DOMRADIO.DE: Wissen Sie über Ihre Quellen im Vatikan denn mehr darüber, wie es Benedikt wirklich geht?
Ulrich Nersinger (Vatikanexperte): Ich denke, man muss zunächst einmal den Ball flach halten. Das sollte die Devise sein, denn wir sind uns ja alle bewusst, dass jemand, der 93 Jahre alt ist, der seinen Bruder vor wenigen Wochen verloren hat, ohnehin nicht bei bester Gesundheit ist. Und wenn man sich mal die Fotos anschaut, vom Regensburgbesuch, konnte ja sogar jeder medizinische Laie sehen, dass im Gesicht Anzeichen einer Gesichtsrose waren. Da muss man eigentlich davon ausgehen, dass da jeden Tag etwas passieren kann.
DOMRADIO.DE: Sagt das denn etwas über den Gesundheitszustand des Papstes aus?

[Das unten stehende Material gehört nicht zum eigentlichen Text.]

(* Let $uv\in E(G)$. If $\phi$ is a cheapest $(T_1,T_2)$-extension of $G - {uv}$ and $u$ and $v$ are in the same good component of $\phi$, then $uv$ is irrelevant.
   Context: $(G,k,t,T_1,T_2)$ is an instance of the Cheap Coloring Extension problem: $G$ is a bipartite graph, $T_1,T_2$ are disjoint vertex sets with $|T_1|+|T_2|\le t$, and one asks for a $(T_1,T_2)$-extension of cost at most $k$. A 2-coloring of $G$ is any function $\phi: V(G)\to\{1,2\}$; it is a $(T_1,T_2)$-extension if it colors $T_1$ with 1 and $T_2$ with 2. Its cost is $\sum_X(|X|-1)$ over the monochromatic components $X$ (connected components of the subgraphs induced by each color class). A $(T_1,T_2)$-extension is cheapest if no $(T_1,T_2)$-extension has strictly lower cost. An edge $uv$ is good w.r.t. $\phi$ if $\phi(u)\neq\phi(v)$ and bad otherwise; a good component of $\phi$ is the vertex set of a connected component of the graph $(V(G),E')$ where $E'$ is the set of good edges. An edge $e$ is irrelevant if $G$ has a $(T_1,T_2)$-extension of cost at most $k$ if and only if $G-e$ does. *)

theory Defs
  imports Main
begin

definition simple_graph :: "'a set \<Rightarrow> 'a set set \<Rightarrow> bool" where
  "simple_graph V E \<longleftrightarrow> finite V \<and>
     (\<forall>e\<in>E. \<exists>x y. e = {x, y} \<and> x \<noteq> y \<and> x \<in> V \<and> y \<in> V)"

definition bipartite :: "'a set \<Rightarrow> 'a set set \<Rightarrow> bool" where
  "bipartite V E \<longleftrightarrow> (\<exists>A. A \<subseteq> V \<and>
     (\<forall>e\<in>E. \<exists>x y. e = {x, y} \<and> (x \<in> A \<longleftrightarrow> y \<notin> A)))"

definition reach :: "'a set \<Rightarrow> 'a set set \<Rightarrow> 'a \<Rightarrow> 'a \<Rightarrow> bool" where
  "reach V E x y \<longleftrightarrow>
     (x, y) \<in> {(a, b). a \<in> V \<and> b \<in> V \<and> {a, b} \<in> E}\<^sup>*"

definition components :: "'a set \<Rightarrow> 'a set set \<Rightarrow> 'a set set" where
  "components V E = {{y \<in> V. reach V E x y} | x. x \<in> V}"

definition two_coloring :: "'a set \<Rightarrow> ('a \<Rightarrow> nat) \<Rightarrow> bool" where
  "two_coloring V \<phi> \<longleftrightarrow> (\<forall>x\<in>V. \<phi> x \<in> {1, 2})"

definition extension :: "'a set \<Rightarrow> 'a set \<Rightarrow> 'a set \<Rightarrow> ('a \<Rightarrow> nat) \<Rightarrow> bool" where
  "extension V T1 T2 \<phi> \<longleftrightarrow> two_coloring V \<phi> \<and>
     (\<forall>x\<in>T1. \<phi> x = 1) \<and> (\<forall>x\<in>T2. \<phi> x = 2)"

definition bad_edges :: "'a set set \<Rightarrow> ('a \<Rightarrow> nat) \<Rightarrow> 'a set set" where
  "bad_edges E \<phi> = {e \<in> E. \<exists>x y. e = {x, y} \<and> \<phi> x = \<phi> y}"

definition good_edges :: "'a set set \<Rightarrow> ('a \<Rightarrow> nat) \<Rightarrow> 'a set set" where
  "good_edges E \<phi> = {e \<in> E. \<exists>x y. e = {x, y} \<and> \<phi> x \<noteq> \<phi> y}"

(* monochromatic components: components of the subgraphs induced by the color
   classes, i.e. the components of (V, bad edges) *)
definition mono_components :: "'a set \<Rightarrow> 'a set set \<Rightarrow> ('a \<Rightarrow> nat) \<Rightarrow> 'a set set" where
  "mono_components V E \<phi> = components V (bad_edges E \<phi>)"

definition good_components :: "'a set \<Rightarrow> 'a set set \<Rightarrow> ('a \<Rightarrow> nat) \<Rightarrow> 'a set set" where
  "good_components V E \<phi> = components V (good_edges E \<phi>)"

definition cost :: "'a set \<Rightarrow> 'a set set \<Rightarrow> ('a \<Rightarrow> nat) \<Rightarrow> nat" where
  "cost V E \<phi> = (\<Sum>X\<in>mono_components V E \<phi>. card X - 1)"

definition cheapest_extension ::
  "'a set \<Rightarrow> 'a set set \<Rightarrow> 'a set \<Rightarrow> 'a set \<Rightarrow> ('a \<Rightarrow> nat) \<Rightarrow> bool" where
  "cheapest_extension V E T1 T2 \<phi> \<longleftrightarrow> extension V T1 T2 \<phi> \<and>
     (\<forall>\<psi>. extension V T1 T2 \<psi> \<longrightarrow> cost V E \<phi> \<le> cost V E \<psi>)"

definition has_cheap_extension ::
  "'a set \<Rightarrow> 'a set set \<Rightarrow> 'a set \<Rightarrow> 'a set \<Rightarrow> nat \<Rightarrow> bool" where
  "has_cheap_extension V E T1 T2 k \<longleftrightarrow> (\<exists>\<phi>. extension V T1 T2 \<phi> \<and> cost V E \<phi> \<le> k)"

definition irrelevant ::
  "'a set \<Rightarrow> 'a set set \<Rightarrow> 'a set \<Rightarrow> 'a set \<Rightarrow> nat \<Rightarrow> 'a set \<Rightarrow> bool" where
  "irrelevant V E T1 T2 k e \<longleftrightarrow>
     (has_cheap_extension V E T1 T2 k \<longleftrightarrow> has_cheap_extension V (E - {e}) T1 T2 k)"

end

theory Submission
  imports Defs
begin

text \<open>In a bipartite graph, colours alternate exactly as sides do along a path of good
  edges, so two adjacent vertices joined by such a path get different colours. Hence the
  edge \<open>uv\<close> is good for the cheapest extension \<open>\<phi>\<close> of \<open>G - uv\<close>, and adding it back does not
  change the cost of \<open>\<phi>\<close>. Since deleting an edge never increases the cost of a colouring
  (the cost is \<open>|V|\<close> minus the number of monochromatic components), both graphs then have
  the same minimum cost.\<close>

definition edge_rel :: "'a set \<Rightarrow> 'a set set \<Rightarrow> ('a \<times> 'a) set" where
  "edge_rel V F = {(a, b). a \<in> V \<and> b \<in> V \<and> {a, b} \<in> F}"

lemma reach_iff_rtrancl_edge_rel: "reach V F x y \<longleftrightarrow> (x, y) \<in> (edge_rel V F)\<^sup>*"
  by (simp add: reach_def edge_rel_def)

lemma reach_sym: "reach V F x y \<Longrightarrow> reach V F y x"
proof -
  have "(edge_rel V F)\<inverse> = edge_rel V F"
    by (auto simp: edge_rel_def insert_commute)
  then show "reach V F x y \<Longrightarrow> reach V F y x"
    by (metis reach_iff_rtrancl_edge_rel rtrancl_converseI)
qed

lemma reach_trans: "reach V F x y \<Longrightarrow> reach V F y z \<Longrightarrow> reach V F x z"
  by (simp add: reach_iff_rtrancl_edge_rel)

lemma reach_mono: "F1 \<subseteq> F2 \<Longrightarrow> reach V F1 x y \<Longrightarrow> reach V F2 x y"
  unfolding reach_iff_rtrancl_edge_rel
  by (rule rtrancl_mono[THEN subsetD, rotated]) (auto simp: edge_rel_def)

definition component_of :: "'a set \<Rightarrow> 'a set set \<Rightarrow> 'a \<Rightarrow> 'a set" where
  "component_of V F x = {y \<in> V. reach V F x y}"

lemma components_eq_image: "components V F = component_of V F ` V"
  by (auto simp: components_def component_of_def)

lemma component_of_eq: "reach V F x y \<Longrightarrow> component_of V F x = component_of V F y"
  unfolding component_of_def by (meson reach_sym reach_trans)

lemma component_of_member_eq:
  "y \<in> component_of V F x \<Longrightarrow> component_of V F y = component_of V F x"
proof -
  assume "y \<in> component_of V F x"
  then have "reach V F x y" by (simp add: component_of_def)
  then show ?thesis by (rule component_of_eq[symmetric])
qed

lemma in_component_of_self: "x \<in> V \<Longrightarrow> x \<in> component_of V F x"
  by (simp add: component_of_def reach_def)

lemma sum_card_components:
  assumes "finite V"
  shows "(\<Sum>X\<in>components V F. card X - 1) = card V - card (components V F)"
proof -
  let ?C = "components V F"
  have sub: "X \<subseteq> V" if "X \<in> ?C" for X
    using that by (auto simp: components_eq_image component_of_def)
  then have fin: "finite X" if "X \<in> ?C" for X
    using that assms finite_subset by blast
  have nonempty: "1 \<le> card X" if "X \<in> ?C" for X
  proof -
    obtain x where "x \<in> V" "X = component_of V F x"
      using \<open>X \<in> ?C\<close> by (auto simp: components_eq_image)
    then have "x \<in> X" by (simp add: in_component_of_self)
    then show ?thesis using fin[OF that] by (auto simp: Suc_le_eq card_gt_0_iff)
  qed
  have "\<Union>?C = V"
  proof
    show "V \<subseteq> \<Union>?C"
      using in_component_of_self by (fastforce simp: components_eq_image)
  qed (use sub in blast)
  moreover have "pairwise disjnt ?C"
  proof (rule pairwiseI)
    fix X Y assume "X \<in> ?C" "Y \<in> ?C" "X \<noteq> Y"
    then obtain a b where X: "X = component_of V F a" and Y: "Y = component_of V F b"
      by (auto simp: components_eq_image)
    show "disjnt X Y"
    proof (rule ccontr)
      assume "\<not> disjnt X Y"
      then obtain z where "z \<in> X" "z \<in> Y" by (auto simp: disjnt_def)
      have "component_of V F z = X"
        using \<open>z \<in> X\<close> unfolding X by (rule component_of_member_eq)
      moreover have "component_of V F z = Y"
        using \<open>z \<in> Y\<close> unfolding Y by (rule component_of_member_eq)
      ultimately show False using \<open>X \<noteq> Y\<close> by simp
    qed
  qed
  ultimately have "(\<Sum>X\<in>?C. card X) = card V"
    using card_Union_disjoint[of ?C] fin by simp
  moreover have "(\<Sum>X\<in>?C. card X - 1) = (\<Sum>X\<in>?C. card X) - (\<Sum>X\<in>?C. 1)"
    using nonempty by (rule sum_subtractf_nat)
  ultimately show ?thesis by simp
qed

lemma card_components_antimono:
  assumes "finite V" "F1 \<subseteq> F2"
  shows "card (components V F2) \<le> card (components V F1)"
proof -
  have "\<Union>(component_of V F2 ` component_of V F1 x) = component_of V F2 x" if "x \<in> V" for x
  proof -
    have same: "component_of V F2 y = component_of V F2 x" if "y \<in> component_of V F1 x" for y
    proof -
      have "reach V F1 x y"
        using that by (simp add: component_of_def)
      then have "reach V F2 x y"
        using assms(2) by (rule reach_mono[rotated])
      then show ?thesis by (rule component_of_eq[symmetric])
    qed
    have "x \<in> component_of V F1 x"
      using \<open>x \<in> V\<close> by (rule in_component_of_self)
    then have "component_of V F2 ` component_of V F1 x = {component_of V F2 x}"
      by (subst image_cong[OF refl same]) (simp_all add: image_constant)
    then show ?thesis by simp
  qed
  then have "components V F2 = (\<lambda>X. \<Union>(component_of V F2 ` X)) ` components V F1"
    unfolding components_eq_image image_image by (rule image_cong[OF refl, symmetric])
  then show ?thesis
    using assms(1) by (simp add: card_image_le components_eq_image)
qed

lemma cost_remove_edge_le:
  assumes "finite V"
  shows "cost V (E - {e}) \<psi> \<le> cost V E \<psi>"
proof -
  have "bad_edges (E - {e}) \<psi> \<subseteq> bad_edges E \<psi>"
    by (auto simp: bad_edges_def)
  then show ?thesis
    unfolding cost_def mono_components_def sum_card_components[OF assms]
    by (intro diff_le_mono2 card_components_antimono[OF assms])
qed

lemma cost_remove_good_edge:
  assumes "\<phi> u \<noteq> \<phi> v"
  shows "cost V (E - {{u, v}}) \<phi> = cost V E \<phi>"
proof -
  have "bad_edges (E - {{u, v}}) \<phi> = bad_edges E \<phi>"
    using assms by (auto simp: bad_edges_def doubleton_eq_iff)
  then show ?thesis by (simp add: cost_def mono_components_def)
qed

lemma bipartite_sides:
  assumes "bipartite V E"
  obtains A where "\<And>a b. {a, b} \<in> E \<Longrightarrow> a \<in> A \<longleftrightarrow> b \<notin> A"
proof -
  obtain A where "\<forall>e\<in>E. \<exists>x y. e = {x, y} \<and> (x \<in> A \<longleftrightarrow> y \<notin> A)"
    using assms by (auto simp: bipartite_def)
  then have "a \<in> A \<longleftrightarrow> b \<notin> A" if "{a, b} \<in> E" for a b
    using that by (fastforce simp: doubleton_eq_iff)
  then show thesis by (rule that)
qed

lemma good_path_colours_follow_sides:
  assumes sides: "\<And>a b. {a, b} \<in> E \<Longrightarrow> a \<in> A \<longleftrightarrow> b \<notin> A"
    and "two_coloring V \<phi>" and "F \<subseteq> E" and "x \<in> V"
    and "reach V (good_edges F \<phi>) x y"
  shows "(x \<in> A \<longleftrightarrow> y \<in> A) \<longleftrightarrow> \<phi> x = \<phi> y"
  using assms(5) unfolding reach_iff_rtrancl_edge_rel
proof (induction rule: rtrancl_induct)
  case base
  then show ?case by simp
next
  case (step a b)
  then have "a \<in> V" "b \<in> V" "\<phi> a \<noteq> \<phi> b" "{a, b} \<in> E"
    using \<open>F \<subseteq> E\<close> by (auto simp: edge_rel_def good_edges_def doubleton_eq_iff)
  moreover from this have "\<phi> a \<in> {1, 2}" "\<phi> b \<in> {1, 2}" "\<phi> x \<in> {1, 2}"
    using \<open>two_coloring V \<phi>\<close> \<open>x \<in> V\<close> by (auto simp: two_coloring_def)
  ultimately show ?case
    using step.IH sides[of a b] by auto
qed

lemma edge_in_good_component_is_good:
  assumes "bipartite V E" and "two_coloring V \<phi>" and "F \<subseteq> E" and "{u, v} \<in> E"
    and "X \<in> good_components V F \<phi>" "u \<in> X" "v \<in> X"
  shows "\<phi> u \<noteq> \<phi> v"
proof -
  obtain A where sides: "\<And>a b. {a, b} \<in> E \<Longrightarrow> a \<in> A \<longleftrightarrow> b \<notin> A"
    using bipartite_sides[OF assms(1)] by blast
  obtain x where "x \<in> V" "reach V (good_edges F \<phi>) x u" "reach V (good_edges F \<phi>) x v"
    using assms(5-7) by (auto simp: good_components_def components_eq_image component_of_def)
  then have "(x \<in> A \<longleftrightarrow> u \<in> A) \<longleftrightarrow> \<phi> x = \<phi> u" "(x \<in> A \<longleftrightarrow> v \<in> A) \<longleftrightarrow> \<phi> x = \<phi> v"
    using good_path_colours_follow_sides[OF sides assms(2,3)] by blast+
  moreover have "\<phi> x \<in> {1, 2}" "\<phi> u \<in> {1, 2}" "\<phi> v \<in> {1, 2}"
    using \<open>two_coloring V \<phi>\<close> \<open>x \<in> V\<close> assms(5-7)
    by (auto simp: two_coloring_def good_components_def components_eq_image component_of_def)
  ultimately show ?thesis
    using sides[OF assms(4)] by auto
qed

lemma irrelevant_if_cheapest_cost_preserved:
  assumes "finite V"
    and "cheapest_extension V (E - {e}) T1 T2 \<phi>"
    and "cost V (E - {e}) \<phi> = cost V E \<phi>"
  shows "irrelevant V E T1 T2 k e"
  unfolding irrelevant_def has_cheap_extension_def
proof
  assume "\<exists>\<psi>. extension V T1 T2 \<psi> \<and> cost V E \<psi> \<le> k"
  then show "\<exists>\<psi>. extension V T1 T2 \<psi> \<and> cost V (E - {e}) \<psi> \<le> k"
    using cost_remove_edge_le[OF assms(1)] le_trans by blast
next
  assume "\<exists>\<psi>. extension V T1 T2 \<psi> \<and> cost V (E - {e}) \<psi> \<le> k"
  then have "cost V E \<phi> \<le> k"
    using assms(2,3) by (metis cheapest_extension_def le_trans)
  then show "\<exists>\<psi>. extension V T1 T2 \<psi> \<and> cost V E \<psi> \<le> k"
    using assms(2) cheapest_extension_def by blast
qed

theorem mainTheorem6:
  fixes V :: "'a set" and E :: "'a set set" and T1 T2 :: "'a set"
    and k t :: nat and u v :: 'a and \<phi> :: "'a \<Rightarrow> nat"
  assumes "simple_graph V E" and "bipartite V E"
    and "T1 \<subseteq> V" and "T2 \<subseteq> V" and "T1 \<inter> T2 = {}"
    and "card T1 + card T2 \<le> t"
    and "{u, v} \<in> E"
    and "cheapest_extension V (E - {{u, v}}) T1 T2 \<phi>"
    and "\<exists>X\<in>good_components V (E - {{u, v}}) \<phi>. u \<in> X \<and> v \<in> X"
  shows "irrelevant V E T1 T2 k {u, v}"
proof -
  have "finite V"
    using assms(1) by (simp add: simple_graph_def)
  have "two_coloring V \<phi>"
    using assms(8) by (simp add: cheapest_extension_def extension_def)
  obtain X where "X \<in> good_components V (E - {{u, v}}) \<phi>" "u \<in> X" "v \<in> X"
    using assms(9) by blast
  with assms(2,7) \<open>two_coloring V \<phi>\<close> have "\<phi> u \<noteq> \<phi> v"
    by (intro edge_in_good_component_is_good) auto
  then have "cost V (E - {{u, v}}) \<phi> = cost V E \<phi>"
    by (rule cost_remove_good_edge)
  with \<open>finite V\<close> assms(8) show ?thesis
    by (rule irrelevant_if_cheapest_cost_preserved)
qed

end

Nersinger: Ich denke eigentlich nicht. Ich meine, wie schon gesagt, wir müssen davon ausgehen, dass wir natürlich jemanden im Vatikan haben, der vom Alter her und von seinem Gesundheitszustand natürlich immer in der Gefahr ist, dass er irgendwann bettlägerig wird oder vielleicht sogar stirbt. Das ist eigentlich fast eine Selbstverständlichkeit.
DOMRADIO.DE: Die Ratzinger-Brüder standen sich sehr nahe. Da ist es ja auch nicht verwunderlich, wenn der Tod des großen Bruders dem Jüngeren mit seinen immerhin 93 Jahren auch körperlich zusetzt. Oder?

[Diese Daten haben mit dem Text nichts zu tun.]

lemma cls_eqI:
  assumes "\<And>k. k \<in> K \<Longrightarrow> Modules.additive (act k)"
    and "(\<lambda>g. a g - b g) \<in> coboundaries G T act K n"
  shows "cls G T act K n a = cls G T act K n b"
proof -
  have "(\<lambda>g. 0 - (a g - b g)) \<in> coboundaries G T act K n"
    by (rule coboundaries_diff[OF assms(1) zero_in_coboundaries[OF assms(1)] assms(2)])
  then have ba: "(\<lambda>g. b g - a g) \<in> coboundaries G T act K n" by simp
  have "(\<lambda>g. x g - b g) \<in> coboundaries G T act K n"
    if "(\<lambda>g. x g - a g) \<in> coboundaries G T act K n" for x
    using coboundaries_diff[OF assms(1) that ba] by (simp add: algebra_simps)
  moreover have "(\<lambda>g. x g - a g) \<in> coboundaries G T act K n"
    if "(\<lambda>g. x g - b g) \<in> coboundaries G T act K n" for x
    using coboundaries_diff[OF assms(1) that assms(2)] by (simp add: algebra_simps)
  ultimately have "\<forall>x. (\<lambda>g. x g - a g) \<in> coboundaries G T act K n
      \<longleftrightarrow> (\<lambda>g. x g - b g) \<in> coboundaries G T act K n"
    by blast
  then show ?thesis by (simp add: cls_def)
qed

lemma cocycle_in_cls:
  assumes "\<And>k. k \<in> K \<Longrightarrow> Modules.additive (act k)" and "\<phi> \<in> cocycles G T act K n"
  shows "\<phi> \<in> cls G T act K n \<phi>"
  using assms zero_in_coboundaries[OF assms(1)] by (simp add: cls_def)

definition cochain_map ::
  "('g, 'b) monoid_scheme \<Rightarrow> 'g topology \<Rightarrow> ('g \<Rightarrow> 'x::ab_group_add \<Rightarrow> 'x) \<Rightarrow> 'g set
    \<Rightarrow> ('g \<Rightarrow> 'y::ab_group_add \<Rightarrow> 'y) \<Rightarrow> 'g set
    \<Rightarrow> (nat \<Rightarrow> ((nat \<Rightarrow> 'g) \<Rightarrow> 'x) \<Rightarrow> ((nat \<Rightarrow> 'g) \<Rightarrow> 'y)) \<Rightarrow> bool" where
  "cochain_map G T act K act' K' F \<longleftrightarrow>
     (\<forall>m a. cochain G T act K m a \<longrightarrow> cochain G T act' K' m (F m a))
   \<and> (\<forall>m a b. F m (\<lambda>g. a g - b g) = (\<lambda>g. F m a g - F m b g))
   \<and> (\<forall>m a. cochain G T act K m a \<longrightarrow> cobound G m (F m a) = F (Suc m) (cobound G m a))"

lemma cochain_map_zero:
  assumes "cochain_map G T act K act' K' F"
  shows "F m (\<lambda>g. 0) = (\<lambda>g. 0)"
proof -
  have "\<forall>a b. F m (\<lambda>g. a g - b g) = (\<lambda>g. F m a g - F m b g)"
    using assms by (simp add: cochain_map_def)
  from this[rule_format, of "\<lambda>g. 0" "\<lambda>g. 0"] show ?thesis by simp
qed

Nersinger: Ja, das ist ganz klar. Aber wenn wir zurückdenken an den Tod seiner Schwester in den 90er Jahren. Das hat ihn damals sehr, sehr mitgenommen. Und ich studierte damals in Rom, und wir haben alle gemerkt, wie sehr ihn das niedergedrückt hat. Und ich denke jetzt, der Tod des Bruders wird noch ein Weiteres getan haben, vielleicht auch selber zu wissen: Ja, alle beide sind weg.
DOMRADIO.DE: Mit Benedikt waren die Deutschen endlich mal wieder Papst. Jetzt hat er das Greisenalter erreicht, und die Medien stürzen sich auf solche Nachrichten. Ist das Ihr Eindruck, dass das so ein bisschen Getöse ist?

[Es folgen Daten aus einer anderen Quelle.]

lemma underdetermined_homogeneous_system_nontrivial_solution:
  fixes v :: "'a \<Rightarrow> nat \<Rightarrow> 'r::idom"
  assumes "finite T" "n < card T"
  shows "\<exists>c. (\<exists>x\<in>T. c x \<noteq> 0) \<and> (\<forall>k<n. (\<Sum>x\<in>T. c x * v x k) = 0)"
  using assms
proof (induction n arbitrary: T v)
  case 0
  then show ?case by (intro exI[of _ "\<lambda>_. 1"]) (auto simp: card_gt_0_iff)
next
  case (Suc n)
  show ?case
  proof (cases "\<exists>x0\<in>T. v x0 n \<noteq> 0")
    case True
    then obtain x0 where x0: "x0 \<in> T" "v x0 n \<noteq> 0" by blast
    have "n < card (T - {x0})"
      using Suc.prems x0(1) by simp
    with Suc.IH[of "T - {x0}" "\<lambda>x k. v x0 n * v x k - v x n * v x0 k"] Suc.prems(1)
    obtain c where "\<exists>x\<in>T - {x0}. c x \<noteq> 0"
      "\<forall>k<n. (\<Sum>x\<in>T - {x0}. c x * (v x0 n * v x k - v x n * v x0 k)) = 0"
      by auto
    with homogeneous_system_pivot_step[where v = v, OF Suc.prems(1) x0] show ?thesis by blast
  next
    case False
    from Suc.IH[of T v] Suc.prems obtain c where
      "\<exists>x\<in>T. c x \<noteq> 0" "\<forall>k<n. (\<Sum>x\<in>T. c x * v x k) = 0"
      by auto
    with False show ?thesis by (auto simp: less_Suc_eq)
  qed
qed

lemma sequence_by_extension:
  assumes local: "\<And>n f g. (\<And>i. i < n \<Longrightarrow> f i = g i) \<Longrightarrow> P n f \<Longrightarrow> P n g"
    and start: "P 0 f0"
    and extend: "\<And>n f. P n f \<Longrightarrow> \<exists>y. P (Suc n) (f(n := y))"
  shows "\<exists>f. \<forall>n. P n f"
proof -
  have "\<exists>F. \<forall>n. P n (F n) \<and> (\<exists>y. F (Suc n) = (F n)(n := y))"
    by (rule dependent_nat_choice) (use start extend in blast)+
  then obtain F where F: "\<And>n. P n (F n)" "\<And>n. \<exists>y. F (Suc n) = (F n)(n := y)"
    by blast
  define f where "f i = F (Suc i) i" for i
  have "F m i = f i" if "i < m" for i m
    using that
  proof (induction m)
    case (Suc m)
    from F(2) obtain y where "F (Suc m) = (F m)(m := y)" by blast
    with Suc show ?case by (cases "i = m") (auto simp: f_def)
  qed simp
  then have "P n f" for n
    using local F(1) by blast
  then show ?thesis by blast
qed

locale torsionless_module = module scale
  for scale :: "'a::linordered_idom \<Rightarrow> 'b::ab_group_add \<Rightarrow> 'b" (infixr \<open>*s\<close> 75) +
  assumes functionals_separate: "x \<noteq> 0 \<Longrightarrow> \<exists>\<phi>. module_hom scale (*) \<phi> \<and> \<phi> x \<noteq> 0"
begin

sublocale dual: module_pair scale "(*)"
  by unfold_locales (auto simp: algebra_simps)

definition biorthogonal_upto :: "'b set \<Rightarrow> nat \<Rightarrow> (nat \<Rightarrow> 'b) \<Rightarrow> (nat \<Rightarrow> 'b \<Rightarrow> 'a) \<Rightarrow> bool"
  where "biorthogonal_upto H n h \<phi> \<longleftrightarrow> (\<forall>i<n. h i \<in> H \<and> module_hom scale (*) (\<phi> i) \<and>
     \<phi> i (h i) > 0 \<and> (\<forall>j<n. j \<noteq> i \<longrightarrow> \<phi> i (h j) = 0))"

Nersinger: Ja, das ist aber bei jedem Papst so. Und zwar in jedem Extrem. Mir fällt spontan eine Episode ein, die das ganz andere Extrem berichtete. Das war Anfang des 20. Jahrhunderts. Da lag der Papst mehr oder weniger im Sterben, und in den Vorzimmern versammelten sich schon die Mitglieder des Kardinalskollegiums und die Diplomaten. Aber der offizielle Vatikan hatte damals durch den L'Osservatore Romano verkünden lassen, dass der Heilige Vater nur an einer leichten Erkältung leide. Und die Druckertinte war noch nicht trocken, da läuteten in Rom schon die Totenglocken. Man sieht, das ist immer ein mediales Ereignis, und das kann einmal nach da ausschlagen und einmal nach dort. Da muss man immer mit rechnen, dass gerade in der Medienlandschaft natürlich das bevorstehende oder das mögliche Ableben eines Papstes immer eine sehr, sehr große Rolle spielt.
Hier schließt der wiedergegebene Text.